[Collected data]
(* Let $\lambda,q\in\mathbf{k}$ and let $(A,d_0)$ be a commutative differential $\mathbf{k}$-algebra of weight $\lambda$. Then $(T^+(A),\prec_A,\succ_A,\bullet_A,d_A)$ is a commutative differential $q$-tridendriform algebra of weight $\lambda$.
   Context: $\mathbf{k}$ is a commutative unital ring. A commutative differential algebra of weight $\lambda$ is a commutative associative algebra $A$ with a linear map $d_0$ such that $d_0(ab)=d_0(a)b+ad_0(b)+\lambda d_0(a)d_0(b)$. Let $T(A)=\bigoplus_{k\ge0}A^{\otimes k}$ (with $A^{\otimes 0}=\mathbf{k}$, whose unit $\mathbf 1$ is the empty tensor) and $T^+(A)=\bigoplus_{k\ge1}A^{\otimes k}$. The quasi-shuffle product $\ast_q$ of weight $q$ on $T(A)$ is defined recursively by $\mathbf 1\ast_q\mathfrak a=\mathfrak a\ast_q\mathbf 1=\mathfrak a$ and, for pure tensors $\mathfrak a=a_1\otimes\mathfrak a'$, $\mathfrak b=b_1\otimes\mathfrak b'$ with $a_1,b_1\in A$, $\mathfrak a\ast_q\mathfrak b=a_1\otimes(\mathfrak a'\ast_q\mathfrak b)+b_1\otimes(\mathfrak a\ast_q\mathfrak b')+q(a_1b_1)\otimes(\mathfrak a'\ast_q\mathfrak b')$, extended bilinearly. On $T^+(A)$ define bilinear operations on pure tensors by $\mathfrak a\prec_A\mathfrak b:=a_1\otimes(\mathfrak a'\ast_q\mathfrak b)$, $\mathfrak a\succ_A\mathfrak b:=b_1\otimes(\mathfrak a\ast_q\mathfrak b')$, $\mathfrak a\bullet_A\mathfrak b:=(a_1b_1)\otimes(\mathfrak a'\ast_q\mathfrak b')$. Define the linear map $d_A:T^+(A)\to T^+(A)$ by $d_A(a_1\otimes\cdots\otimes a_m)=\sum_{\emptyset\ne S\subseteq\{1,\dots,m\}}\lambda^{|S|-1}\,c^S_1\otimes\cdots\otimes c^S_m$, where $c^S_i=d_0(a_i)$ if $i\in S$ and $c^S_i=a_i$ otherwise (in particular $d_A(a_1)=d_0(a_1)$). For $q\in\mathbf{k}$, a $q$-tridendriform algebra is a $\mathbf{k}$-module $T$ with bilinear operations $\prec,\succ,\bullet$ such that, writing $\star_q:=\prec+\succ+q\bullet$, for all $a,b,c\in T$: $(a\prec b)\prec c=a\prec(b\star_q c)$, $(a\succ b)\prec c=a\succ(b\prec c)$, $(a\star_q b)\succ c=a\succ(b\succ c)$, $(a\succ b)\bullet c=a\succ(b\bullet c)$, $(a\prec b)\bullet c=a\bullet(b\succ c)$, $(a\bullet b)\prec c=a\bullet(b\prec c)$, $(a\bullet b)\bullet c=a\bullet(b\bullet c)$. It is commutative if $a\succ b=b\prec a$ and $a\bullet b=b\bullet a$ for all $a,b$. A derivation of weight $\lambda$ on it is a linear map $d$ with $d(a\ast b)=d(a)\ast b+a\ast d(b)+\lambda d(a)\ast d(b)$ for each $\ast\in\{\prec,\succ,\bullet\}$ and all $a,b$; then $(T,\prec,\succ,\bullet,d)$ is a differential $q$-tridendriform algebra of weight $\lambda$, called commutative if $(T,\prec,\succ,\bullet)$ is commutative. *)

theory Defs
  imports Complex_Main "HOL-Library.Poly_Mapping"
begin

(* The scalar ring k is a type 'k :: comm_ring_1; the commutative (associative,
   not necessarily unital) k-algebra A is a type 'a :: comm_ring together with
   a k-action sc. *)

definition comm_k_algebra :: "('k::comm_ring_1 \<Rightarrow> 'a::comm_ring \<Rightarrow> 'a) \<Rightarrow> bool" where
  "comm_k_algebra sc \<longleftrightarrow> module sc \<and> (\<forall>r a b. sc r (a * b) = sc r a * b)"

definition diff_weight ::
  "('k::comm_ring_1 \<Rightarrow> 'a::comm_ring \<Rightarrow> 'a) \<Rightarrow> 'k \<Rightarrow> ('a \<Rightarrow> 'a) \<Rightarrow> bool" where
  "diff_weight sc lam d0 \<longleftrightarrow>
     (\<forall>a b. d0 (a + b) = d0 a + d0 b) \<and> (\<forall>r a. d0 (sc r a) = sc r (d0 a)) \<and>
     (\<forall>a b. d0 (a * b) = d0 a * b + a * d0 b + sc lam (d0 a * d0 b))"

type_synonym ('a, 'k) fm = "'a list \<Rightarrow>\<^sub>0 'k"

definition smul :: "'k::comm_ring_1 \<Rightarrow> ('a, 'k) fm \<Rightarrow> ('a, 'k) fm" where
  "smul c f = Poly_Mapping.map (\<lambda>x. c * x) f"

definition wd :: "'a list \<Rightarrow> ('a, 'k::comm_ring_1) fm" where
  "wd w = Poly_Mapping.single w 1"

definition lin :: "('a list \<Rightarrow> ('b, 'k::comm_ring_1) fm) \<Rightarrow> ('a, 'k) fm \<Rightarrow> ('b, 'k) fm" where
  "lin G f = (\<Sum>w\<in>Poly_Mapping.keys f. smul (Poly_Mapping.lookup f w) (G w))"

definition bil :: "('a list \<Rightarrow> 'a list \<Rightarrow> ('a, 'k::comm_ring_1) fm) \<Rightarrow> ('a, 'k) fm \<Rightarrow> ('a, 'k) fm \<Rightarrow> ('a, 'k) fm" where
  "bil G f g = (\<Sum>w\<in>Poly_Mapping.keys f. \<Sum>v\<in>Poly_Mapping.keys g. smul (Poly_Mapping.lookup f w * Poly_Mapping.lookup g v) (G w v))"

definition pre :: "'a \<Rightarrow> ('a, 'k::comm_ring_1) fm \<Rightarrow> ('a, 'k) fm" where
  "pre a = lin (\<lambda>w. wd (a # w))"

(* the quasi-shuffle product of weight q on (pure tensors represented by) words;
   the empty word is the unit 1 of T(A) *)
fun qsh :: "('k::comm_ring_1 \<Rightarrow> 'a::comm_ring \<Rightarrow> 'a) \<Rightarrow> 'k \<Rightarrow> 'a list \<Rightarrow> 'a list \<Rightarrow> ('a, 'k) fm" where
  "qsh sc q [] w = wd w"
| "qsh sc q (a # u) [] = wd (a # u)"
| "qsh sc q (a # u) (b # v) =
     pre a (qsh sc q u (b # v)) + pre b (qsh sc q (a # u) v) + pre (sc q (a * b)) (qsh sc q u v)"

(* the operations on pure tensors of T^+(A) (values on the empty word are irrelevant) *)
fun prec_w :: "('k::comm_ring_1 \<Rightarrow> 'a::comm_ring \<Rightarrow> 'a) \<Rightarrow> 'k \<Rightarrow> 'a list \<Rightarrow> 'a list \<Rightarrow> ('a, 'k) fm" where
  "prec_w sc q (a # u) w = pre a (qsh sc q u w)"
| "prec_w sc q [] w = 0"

TASK PROMPT: For the lines above, output exactly those from the line containing "f = Poly_Mapping.map" through the line containing "(* the operations", and skip the others.

RESULT FOR THIS TASK:
  "smul c f = Poly_Mapping.map (\<lambda>x. c * x) f"

definition wd :: "'a list \<Rightarrow> ('a, 'k::comm_ring_1) fm" where
  "wd w = Poly_Mapping.single w 1"

definition lin :: "('a list \<Rightarrow> ('b, 'k::comm_ring_1) fm) \<Rightarrow> ('a, 'k) fm \<Rightarrow> ('b, 'k) fm" where
  "lin G f = (\<Sum>w\<in>Poly_Mapping.keys f. smul (Poly_Mapping.lookup f w) (G w))"

definition bil :: "('a list \<Rightarrow> 'a list \<Rightarrow> ('a, 'k::comm_ring_1) fm) \<Rightarrow> ('a, 'k) fm \<Rightarrow> ('a, 'k) fm \<Rightarrow> ('a, 'k) fm" where
  "bil G f g = (\<Sum>w\<in>Poly_Mapping.keys f. \<Sum>v\<in>Poly_Mapping.keys g. smul (Poly_Mapping.lookup f w * Poly_Mapping.lookup g v) (G w v))"

definition pre :: "'a \<Rightarrow> ('a, 'k::comm_ring_1) fm \<Rightarrow> ('a, 'k) fm" where
  "pre a = lin (\<lambda>w. wd (a # w))"

(* the quasi-shuffle product of weight q on (pure tensors represented by) words;
   the empty word is the unit 1 of T(A) *)
fun qsh :: "('k::comm_ring_1 \<Rightarrow> 'a::comm_ring \<Rightarrow> 'a) \<Rightarrow> 'k \<Rightarrow> 'a list \<Rightarrow> 'a list \<Rightarrow> ('a, 'k) fm" where
  "qsh sc q [] w = wd w"
| "qsh sc q (a # u) [] = wd (a # u)"
| "qsh sc q (a # u) (b # v) =
     pre a (qsh sc q u (b # v)) + pre b (qsh sc q (a # u) v) + pre (sc q (a * b)) (qsh sc q u v)"

(* the operations on pure tensors of T^+(A) (values on the empty word are irrelevant) *)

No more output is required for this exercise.